New Bourbon Regional Port Authority
- Type: Regional port authority
- Headquarters: Ste. Genevieve County, Missouri, United States
- Location: Ste. Genevieve County, Missouri;
- Website: missouriports.org/missouris-ports/new-bourbon/

= New Bourbon Regional Port Authority =

The New Bourbon Regional Port Authority is a river port located in Ste. Genevieve County, Missouri, along the Mississippi River. It is one of several port authorities in Missouri that facilitates the transportation of goods via the river, providing an essential service to the local economy and the broader region. The port's location allows it to serve as a strategic point for shipping agricultural products, raw materials, and other commodities to both domestic and international markets.

Situated on the west bank of the Mississippi River in eastern Missouri, the port is about 60 mi south of St. Louis. This location provides easy access to major highways, including Interstate 55, which connects to the broader interstate system, enhancing the port's logistical capabilities.

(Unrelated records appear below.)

text \<open>If D_j is applied to a derivative v with v + e_j principal, say v + e_j = J^\<alpha> + M, the
schema recurses into D_M P^\<alpha>, and every dependency d of P^\<alpha> satisfies d + M < J^\<alpha> + M = v + e_j
because the ranking is compatible with shifts.  So all derivatives produced while evaluating
D_j on V stay below a common bound, and each recursive call of D_j happens strictly below the
call that spawned it.  By Dickson's lemma the ranking is a well-order, and termination follows
by well-founded induction on the bound, with an inner induction on |M| for the iterates D_M.\<close>

lemma nat_seq_incseq_subseq:
  fixes z :: "nat \<Rightarrow> nat"
  shows "\<exists>h. strict_mono h \<and> incseq (\<lambda>n. z (h n))"
proof -
  obtain f where f: "strict_mono f" "monoseq (\<lambda>n. z (f n))"
    using seq_monosub by blast
  show ?thesis
  proof (cases "incseq (\<lambda>n. z (f n))")
    case True
    with f show ?thesis by blast
  next
    case False
    with f(2) have dec: "decseq (\<lambda>n. z (f n))"
      by (simp add: monoseq_iff)
    define N where "N = (ARG_MIN (\<lambda>n. z (f n)) n. True)"
    have "z (f N) \<le> z (f n)" for n
      unfolding N_def by (metis arg_min_nat_le)
    with dec have const: "z (f (n + N)) = z (f N)" for n
      unfolding decseq_def by (metis le_add2 le_antisym)
    have "strict_mono (\<lambda>n. f (n + N))"
      using f(1) by (simp add: strict_mono_def)
    moreover have "incseq (\<lambda>n. z (f (n + N)))"
      by (simp add: incseq_def const)
    ultimately show ?thesis by blast
  qed
qed

lemma incseq_subseq_coordinates:
  fixes y :: "nat \<Rightarrow> 'i \<Rightarrow> nat"
  assumes "finite S"
  shows "\<exists>h. strict_mono h \<and> (\<forall>k\<in>S. incseq (\<lambda>n. y (h n) k))"
  using assms
proof (induction S)
  case empty
  have "strict_mono (\<lambda>n::nat. n)" by (simp add: strict_mono_def)
  then show ?case by blast
next
  case (insert k S)
  then obtain h where h: "strict_mono h" "\<forall>k\<in>S. incseq (\<lambda>n. y (h n) k)"
    by blast
  obtain g where g: "strict_mono g" "incseq (\<lambda>n. y (h (g n)) k)"
    using nat_seq_incseq_subseq[of "\<lambda>n. y (h n) k"] by blast
  have "incseq (\<lambda>n. y (h (g n)) k')" if "k' \<in> S" for k'
    using h(2) that g(1) unfolding incseq_def by (meson strict_mono_leD)
  with g have "strict_mono (h \<circ> g) \<and> (\<forall>k'\<in>insert k S. incseq (\<lambda>n. y ((h \<circ> g) n) k'))"
    using h(1) strict_mono_o by auto
  then show ?case by blast
qed

lemma dickson_jvar:
  fixes x :: "nat \<Rightarrow> ('u::finite, 'i::finite) jvar"
  shows "\<exists>m n. m < n \<and> fst (x m) = fst (x n) \<and> snd (x m) \<le> snd (x n)"
proof -
  have "UNIV = (\<Union>u. {n. fst (x n) = u})" by auto
  then obtain u where inf: "infinite {n. fst (x n) = u}"
    by (metis finite_UN finite infinite_UNIV_nat)
  define g where "g = enumerate {n. fst (x n) = u}"
  have fst_g: "fst (x (g n)) = u" for n
    unfolding g_def using enumerate_in_set[OF inf] by auto
  have "strict_mono g"
    unfolding g_def strict_mono_def using enumerate_mono[OF _ inf] by blast
  obtain h where h: "strict_mono h" "\<forall>k\<in>UNIV. incseq (\<lambda>n. snd (x (g (h n))) k)"
    using incseq_subseq_coordinates[of UNIV "\<lambda>n. snd (x (g n))"] by auto
  have "g (h 0) < g (h 1)"
    using \<open>strict_mono g\<close> h(1) by (simp add: strict_mono_def)
  moreover have "snd (x (g (h 0))) \<le> snd (x (g (h 1)))"
    using h(2) by (simp add: incseq_def le_fun_def)
  ultimately show ?thesis using fst_g by metis
qed

definition mshift :: "('u, 'i) jvar \<Rightarrow> ('i \<Rightarrow> nat) \<Rightarrow> ('u, 'i) jvar" where
  "mshift v M = (fst v, madd (snd v) M)"

lemma shift_eq_mshift: "shift j v = mshift v (unitmi j)"
  by (simp add: shift_def mshift_def)

lemma mshift_zero [simp]: "mshift v (\<lambda>_. 0) = v"
  by (simp add: mshift_def madd_def)

lemma mshift_mshift: "mshift (mshift v L) M = mshift v (madd L M)"
  by (simp add: mshift_def madd_def add.assoc)

lemma mshift_inj: "mshift v L = mshift w L \<Longrightarrow> v = w"
  by (simp add: mshift_def madd_def fun_eq_iff prod_eq_iff)

lemma madd_unitmi_diff:
  assumes "M i \<noteq> 0"
  shows "madd (unitmi i) (\<lambda>k. M k - unitmi i k) = M"
  using assms by (auto simp: madd_def unitmi_def fun_eq_iff)

lemma sum_diff_unitmi_less:
  fixes M :: "'i::finite \<Rightarrow> nat"
  assumes "M i \<noteq> 0"
  shows "(\<Sum>k\<in>UNIV. M k - unitmi i k) < (\<Sum>k\<in>UNIV. M k)"
proof -
  have "(\<Sum>k\<in>UNIV. M k) = (\<Sum>k\<in>UNIV. (M k - unitmi i k) + unitmi i k)"
    using assms by (intro sum.cong) (auto simp: unitmi_def)
  also have "\<dots> = (\<Sum>k\<in>UNIV. M k - unitmi i k) + 1"
    by (simp add: sum.distrib unitmi_def)
  finally show ?thesis by simp
qed

locale ranking =
  fixes le :: "('u::finite, 'i::finite) jvar \<Rightarrow> ('u, 'i) jvar \<Rightarrow> bool"
  assumes ranking: "is_ranking le"
begin

definition lt :: "('u, 'i) jvar \<Rightarrow> ('u, 'i) jvar \<Rightarrow> bool" where
  "lt x y \<longleftrightarrow> le x y \<and> x \<noteq> y"

sublocale rk: linorder le lt
proof unfold_locales
  fix x y z
  from ranking show "le x x" "le x y \<or> le y x"
    "le x y \<Longrightarrow> le y z \<Longrightarrow> le x z" "le x y \<Longrightarrow> le y x \<Longrightarrow> x = y"
    unfolding is_ranking_def by blast+
  then show "lt x y \<longleftrightarrow> le x y \<and> \<not> le y x"
    by (auto simp: lt_def)
qed

lemma le_mshift: "le v (mshift v L)"
  using ranking unfolding is_ranking_def mshift_def by (metis prod.collapse)

lemma le_mshift_mono: "le v w \<Longrightarrow> le (mshift v L) (mshift w L)"
  using ranking unfolding is_ranking_def mshift_def by (metis prod.collapse)

lemma lt_mshift_mono: "lt v w \<Longrightarrow> lt (mshift v L) (mshift w L)"
  unfolding lt_def using le_mshift_mono mshift_inj by blast

lemma lt_shift: "lt v (shift j v)"
proof -
  have "snd v j \<noteq> snd (shift j v) j"
    by (simp add: shift_def madd_def unitmi_def)
  then show ?thesis
    using le_mshift[of v "unitmi j"] by (auto simp: lt_def shift_eq_mshift)
qed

The port received major dock upgrades in 2020.

==Ferry==
Modoc Ferry provides access across the Mississippi River between Ste. Genevieve, Missouri, and Modoc, Illinois. Operated by the New Bourbon Regional Port Authority, the ferry runs year-round, offering a convenient route for local farmers, truckers, and tourists. It also serves as an important connection for cyclists traveling along the Great River Road and the Mississippi River Bicycle Trail.